Cohen, 11 N Y 2d 401; 1 Oppenheim, International Law, 144b [Lauterpacht ed., 1947].)
Nothing in the Bretton Woods Agreement is to the contrary. In fact its use of the
unenforcibility device for effectuation of its purposes impliedly concedes the unavailability of
the more direct method of enforcement at the suit of the aggrieved government. By the
second sentence of subdivision (b) of section 2, further measures to make exchange
controls more effective may be agreed upon by the member States. This is a matter for the
Federal Government which not only has not entered into such further accords but has not
even enacted the enabling provision into law (U. S. Code, tit. 22, 286h).

Therefore, the order should be affirmed and the certified questions answered no and yes
respectively.

Chief Judge Desmond

(Dissenting).

The order should be reversed and the warrant of attachment reinstated since the complaint
alleges a cause of action within the jurisdiction of the New York State courts.
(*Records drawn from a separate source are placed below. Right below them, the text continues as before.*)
(* Let $q$ be odd with $q\equiv1\pmod4$ fixed. Then, as $g\to\infty$, $$\sum_{\substack{P\text{ monic irreducible}\\ \deg P=2g+1}}\ \sum_{n=0}^{g}\ \sum_{\substack{f\text{ monic},\ \deg f=n\\ f=\square}}\chi_P(f)\,q^{-n/2}=\frac{|P|}{\log_q|P|}\left(\left[\frac g2\right]+1\right)+O\!\left(\frac{\sqrt{|P|}}{\log_q|P|}\,g\right),$$ where $|P|=q^{2g+1}$, $\log_q|P|=2g+1$, and $[x]$ is the integer part of $x$.
   Context: $A=\mathbb{F}_q[T]$; for nonzero $f\in A$, $|f|=q^{\deg f}$. "$f=\square$" means $f$ is the square of a monic polynomial. For a monic irreducible $Q$ and $a\in A$, $\left(\frac{a}{Q}\right)$ is $0$ if $Q\mid a$, $1$ if $a$ is a nonzero square mod $Q$, $-1$ otherwise; extended to monic $f=\prod Q_i^{e_i}$ by $\left(\frac{a}{f}\right)=\prod\left(\frac{a}{Q_i}\right)^{e_i}$, $\left(\frac{a}{1}\right)=1$. For monic irreducible $P$, $\chi_P(f)=\left(\frac{P}{f}\right)$. Implied constants may depend on $q$. *)

theory Defs
  imports "HOL-Computational_Algebra.Computational_Algebra" "HOL-Library.Landau_Symbols"
begin

definition poly_legendre :: "'a::field poly \<Rightarrow> 'a poly \<Rightarrow> int" where
  "poly_legendre a Q =
     (if Q dvd a then 0 else if (\<exists>b. Q dvd (b ^ 2 - a)) then 1 else -1)"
If there had never been a Bretton Woods Agreement and if this were a suit to enforce in this
State the revenue laws of Brazil it would have to be dismissed under the ancient rule most
[*378] recently restated in City of Philadelphia v. Cohen (11 N Y 2d 401). But Cohen and
its predecessor cases express a public policy which lacks applicability here because of the
adherence of the United States to the Bretton Woods Agreement. As we noted in Perutz v.
Bohemian Discount Bank in Liquidation (304 N. Y. 533, 537), the membership of our Federal
Government in the International Monetary Fund and other Bretton Woods enterprises makes
it impossible to say that the currency control laws of other member States are offensive to
our public policy. Furthermore, the argument from City of Philadelphia v. Cohen (supra.;)
and similar decisions assumes erroneously that this is a suit to collect internal taxes
assessed by the Brazilian Government. In truth, it is not even an effort to enforce Brazils
currency regulations. This complaint and other papers charge a tortious fraud and
conspiracy to deprive plaintiff, an instrumentality of the Brazilian Government, of the dollar
proceeds of coffee exports to which proceeds the bank and its government were entitled.
This fraud, it is alleged, was accomplished by inserting in coffee shipping permits references
to nonexistent exchange contracts and to nonexistent assignments to plaintiff of the foreign
exchange proceeds of the coffee exports and by forging the signatures of banking officials
and Brazilian officials, all with the purpose of making it appear that there had been
compliance with the Brazilian statutes or regulations. The alleged scheme and effect of the
conspiracy as charged was to obtain for defendant- respondent coffee in New York at a
reduced price, to enable the Brazilian defendants to get more cruzeiros per dollar in
violation of law and to deprive Brazil of the cruzeiros which it would have received from
these coffee sales had the fraud not been committed. According to the complaint and
affidavits defendant Israel not only knew of and intended to benefit by the perpetration of
this fraud but participated in it in New York by making its purchase agreements here and by
here receiving the shipping documents and making payments. The Israel corporation is
alleged to have been one of the consignees of some 36,000 bags of coffee exported from
Brazil to New York in 1961 without compliance with the Brazilian law and thus to have
fraudulently and conspiratorially caused to Brazil damage of nearly $2,000,000. Refusal to
entertain this suit does violence to our national policy of co-operation with [*379] other
Bretton Woods signatories and is not required by anything in our own State policy.

Judges Van Voorhis, Foster and Scileppi concur with Judge Burke; Chief Judge Desmond
dissents in an opinion in which Judges Dye and Fuld concur.
Order affirmed, with costs. First question certified answered in the negative; second
question certified answered in the affirmative.